Desta estrutura da nova evangelização deriva também o método justo. Sem dúvida, devemos usar de modo razoável os métodos modernos para nos fazer ouvir, ou melhor:  para tornar acessível e compreensível a voz do Senhor… Não procuramos escuta para nós não queremos aumentar o poder e a extensão das nossas instituições, mas desejamos servir o bem das pessoas e da humanidade dando espaço Àquele que é a Vida. Esta expropriação do próprio eu oferecendo Cristo para salvação dos homens, é a condição fundamental do verdadeiro empenho pelo evangelho. “Vim em nome de Meu Pai e não Me recebestes, mas se vier outro, em seu próprio nome, recebê-lo-eis” (Jo 5, 43). O sinal distintivo do Anticristo é falar em seu nome. O sinal do Filho é a sua comunhão com o Pai. O Filho introduz-nos na comunhão trinitária, no círculo do eterno amor, cujas pessoas são “relações puras”, o acto puro do doar-se e receber-se. O desígnio trinitário visível no Filho, que não fala em seu nome mostra a forma de vida do verdadeiro evangelizador aliás, evangelizar não é simplesmente uma forma de falar, mas uma forma de viver:  viver em escuta e fazer-se voz do Pai. “Não falará de Si mesmo, mas dirá tudo o que tiver ouvido”, diz o Senhor acerca do Espírito Santo (cf. Jo 16, 13). Esta forma cristológica e pneumatológica da evangelização é simultaneamente uma forma eclesiológica:  o Senhor e o Espírito constroem a Igreja, comunicam-se na Igreja. O anúncio de Cristo, o anúncio do reino de Deus pressupõe escuta da sua voz na voz da Igreja. “Não falará de Si mesmo” significa:  falar na missão da Igreja…
Desta lei da expropriação derivam consequências muito práticas. Todos os métodos razoáveis e moralmente aceitáveis devem ser estudados – é um dever fazer uso destas possibilidades de comunicação. Mas as palavras e toda a arte da comunicação não podem conquistar a pessoa humana naquela profundidade, à qual deve chegar o Evangelho. Há alguns anos li a biografia de um óptimo sacerdote do nosso século, Pe. Didimo, pároco de Bassano del Grappa (Itália, n.d.r.). Nas suas notas encontram-se palavras de ouro, fruto de uma vida de oração e de meditação. A respeito de nós diz Pe. Didimo:  “Jesus pregava de dia, de noite rezava”. Com esta breve notícia, ele queria dizer:  Jesus devia obter de Deus os discípulos. Isto é válido sempre. Nós não podemos ganhar os homens. Devemos obtê-los de Deus para Deus. Todos os métodos são vazios sem o fundamento da oração. A palavra do anúncio deve estar sempre imersa numa intensa vida de oração.
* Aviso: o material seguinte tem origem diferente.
lemma (in prob_space) bounded_indep_strong_law:
  fixes X :: "nat \<Rightarrow> 'a \<Rightarrow> real"
  assumes "indep_vars (\<lambda>_. borel) X {1..}"
    and "\<And>k \<omega>. k \<ge> 1 \<Longrightarrow> \<omega> \<in> space M \<Longrightarrow> \<bar>X k \<omega>\<bar> \<le> C"
    and "\<And>k. k \<ge> 1 \<Longrightarrow> expectation (X k) = \<mu>"
  shows "AE \<omega> in M. \<forall>\<epsilon>>0. eventually (\<lambda>r. \<bar>(\<Sum>k=1..r. X k \<omega>) - real r * \<mu>\<bar> \<le> \<epsilon> * real r) sequentially"
proof -
  have "AE \<omega> in M. \<forall>m. eventually (\<lambda>r. \<bar>(\<Sum>k=1..r. X k \<omega>) - real r * \<mu>\<bar> \<le> inverse (Suc m) * real r) sequentially"
    using assms by (intro AE_all_countable[THEN iffD2] allI bounded_indep_sum_eventually_close) auto
  then show ?thesis
  proof (rule AE_mp[OF _ AE_I2], intro impI allI)
    fix \<omega> and \<epsilon> :: real
    assume close: "\<forall>m. eventually (\<lambda>r. \<bar>(\<Sum>k=1..r. X k \<omega>) - real r * \<mu>\<bar> \<le> inverse (Suc m) * real r) sequentially"
      and "\<epsilon> > 0"
    then obtain m where "inverse (Suc m) < \<epsilon>" using reals_Archimedean by blast
    then have le: "inverse (Suc m) * real r \<le> \<epsilon> * real r" for r by (intro mult_right_mono) auto
    show "eventually (\<lambda>r. \<bar>(\<Sum>k=1..r. X k \<omega>) - real r * \<mu>\<bar> \<le> \<epsilon> * real r) sequentially"
      using close[rule_format, of m] by (rule eventually_mono) (rule order_trans[OF _ le])
  qed
qed

lemma Phi_Suc_self: "Phi N A t (t + 1) = ident_mat"
  by (cases t) auto

lemma LLR_bounded:
  fixes s :: "nat \<Rightarrow> nat \<Rightarrow> 'a \<Rightarrow> 's"
  assumes "finite J" "\<And>j. j \<in> J \<Longrightarrow> finite (S j)"
    and "\<And>j k \<omega>. j \<in> J \<Longrightarrow> k \<ge> 1 \<Longrightarrow> \<omega> \<in> \<Omega> \<Longrightarrow> s j k \<omega> \<in> S j"
  obtains C where "C \<ge> 0"
    "\<And>j k \<omega>. j \<in> J \<Longrightarrow> k \<ge> 1 \<Longrightarrow> \<omega> \<in> \<Omega> \<Longrightarrow> \<bar>LLR lik s j k \<theta> \<theta>s \<omega>\<bar> \<le> C"
proof
  define g where "g j w = \<bar>ln (lik j w \<theta> / lik j w \<theta>s)\<bar>" for j w
  show "(\<Sum>j\<in>J. \<Sum>w\<in>S j. g j w) \<ge> 0" by (simp add: g_def sum_nonneg)
  fix j k :: nat and \<omega> assume "j \<in> J" "k \<ge> 1" "\<omega> \<in> \<Omega>"
  then have "g j (s j k \<omega>) \<le> (\<Sum>w\<in>S j. g j w)"
    using assms by (intro member_le_sum) (auto simp: g_def)
  also have "\<dots> \<le> (\<Sum>j\<in>J. \<Sum>w\<in>S j. g j w)"
    using assms \<open>j \<in> J\<close> by (intro member_le_sum) (auto simp: g_def sum_nonneg)
  finally show "\<bar>LLR lik s j k \<theta> \<theta>s \<omega>\<bar> \<le> (\<Sum>j\<in>J. \<Sum>w\<in>S j. g j w)"
    by (simp add: LLR_def g_def)
qed

lemma (in prob_space) LLR_strong_law:
  fixes s :: "nat \<Rightarrow> nat \<Rightarrow> 'a \<Rightarrow> 's"
  assumes "finite J" and S_fin: "\<And>j. j \<in> J \<Longrightarrow> finite (S j)"
    and s_range: "\<And>j k \<omega>. j \<in> J \<Longrightarrow> k \<ge> 1 \<Longrightarrow> \<omega> \<in> space M \<Longrightarrow> s j k \<omega> \<in> S j"
    and s_indep: "indep_vars (\<lambda>_. count_space UNIV) (\<lambda>(j, k). s j k) (J \<times> {1..})"
    and s_distr: "\<And>j k w. j \<in> J \<Longrightarrow> k \<ge> 1 \<Longrightarrow> w \<in> S j \<Longrightarrow>
      prob {\<omega> \<in> space M. s j k \<omega> = w} = lik j w \<theta>s"
  shows "AE \<omega> in M. \<forall>j\<in>J. \<forall>\<epsilon>>0. eventually (\<lambda>r.
    \<bar>(\<Sum>k=1..r. LLR lik s j k \<theta> \<theta>s \<omega>) - real r * Hdiv S lik j \<theta> \<theta>s\<bar> \<le> \<epsilon> * real r) sequentially"
proof -
  obtain C where LLR_le:
    "\<And>j k \<omega>. j \<in> J \<Longrightarrow> k \<ge> 1 \<Longrightarrow> \<omega> \<in> space M \<Longrightarrow> \<bar>LLR lik s j k \<theta> \<theta>s \<omega>\<bar> \<le> C"
    by (rule LLR_bounded[where J = J and S = S and s = s and \<Omega> = "space M"]) (use assms in auto)
  have s_meas: "s j k \<in> measurable M (count_space UNIV)" if "j \<in> J" "k \<ge> 1" for j k
    using s_indep that unfolding indep_vars_def by auto
  have LLR_mean: "expectation (LLR lik s j k \<theta> \<theta>s) = Hdiv S lik j \<theta> \<theta>s"
    if "j \<in> J" "k \<ge> 1" for j k
  proof -
    have "expectation (\<lambda>\<omega>. ln (lik j (s j k \<omega>) \<theta> / lik j (s j k \<omega>) \<theta>s))
        = (\<Sum>w\<in>S j. ln (lik j w \<theta> / lik j w \<theta>s) * prob {\<omega>\<in>space M. s j k \<omega> = w})"
      by (rule expectation_finite_valued) (use s_meas S_fin s_range that in auto)
    also have "\<dots> = Hdiv S lik j \<theta> \<theta>s"
      unfolding Hdiv_def by (intro sum.cong) (simp_all add: s_distr[OF that])
    finally show ?thesis unfolding LLR_def[abs_def] .
  qed
  have LLR_indep: "indep_vars (\<lambda>_. borel) (\<lambda>k. LLR lik s j k \<theta> \<theta>s) {1..}" if "j \<in> J" for j
    using indep_vars_compose2[OF indep_vars_row[OF s_indep that], of "\<lambda>_ w. ln (lik j w \<theta> / lik j w \<theta>s)"]
    unfolding LLR_def by simp
  show ?thesis
    using LLR_le LLR_mean \<open>finite J\<close> by (intro AE_finite_allI bounded_indep_strong_law LLR_indep) auto
qed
Devemos dar um ulterior passo. Jesus pregava de dia, de noite rezava o que não é tudo. A sua vida inteira foi como mostra de maneira admirável o evangelho de São Lucas um caminho rumo à cruz, ascensão rumo a Jerusalém. Jesus não redimiu o mundo com palavras bonitas, mas com o seu sofrimento e a sua morte. Esta sua paixão é a fonte inexaurível de vida para o mundo; a paixão dá força à sua palavra.

O próprio Senhor estendendo e ampliando a parábola do grão de mostarda formulou esta lei de fecundidade na parábola do grão que, ao cair na terra, morre (cf. Jo 12, 24). Esta lei também é válida até ao fim do mundo e é juntamente com o mistério do grão de mostarda fundamental para a nova evangelização. Toda a história o demonstra. Seria fácil demonstrar isto na história do cristianismo. Desejo recordar aqui apenas o início da evangelização na vida de São Paulo. O sucesso da sua missão não foi o resultado de uma grande arte retórica ou de prudência pastoral; a fecundidade estava relacionada com o sofrimento, com a comunhão na paixão de Cristo (cf. 1 Cor 2, 1-5; 2 Cor 5, 7; 11, 10 s; 11, 30; Gl 4, 12-14). “Nenhum sinal será dado a não ser o sinal do profeta Jonas”, disse o Senhor. O sinal de Jonas é Cristo crucificado são as testemunhas, que completam o “que falta aos sofrimentos de Cristo” (Cl 1, 24). Em todos os períodos da história verificou-se sempre de novo as palavras de Tertuliano:  o sangue dos mártires é semente.
Santo Agostinho diz o mesmo de uma maneira muito bonita, ao interpretar Jo 21, onde a profecia do martírio de Pedro e o mandato de apascentar, ou seja, a instituição da sua primazia, estão intimamente relacionados. Santo Agostinho comenta o texto de Jo 21, 16 da seguinte forma:  “Apascenta as minhas ovelhas”, o que significa, sofre pelas minhas ovelhas (Sermo Guelf. 32; PLS 2, 640). Uma mãe não pode dar luz a uma criança sem sofrer. Qualquer parto requer sofrimento, é dor, e tornar-se cristão é um parto. Digamo-lo mais uma vez com palavras do Senhor:  o reino de Deus exige violência (cf. Mt 11, 12; Lc 16, 16), mas a violência de Deus é o sofrimento, é a cruz. Não podemos dar a vida a outros, sem dar a nossa vida. O processo de expropriação acima mencionado é a forma concreta (expressa de muitas formas diferentes) de doar a própria vida. E pensamos na palavra do Salvador:  “…quem perder a sua vida por Mim e pelo Evangelho, salvá-la-á…” (Mc 8, 36).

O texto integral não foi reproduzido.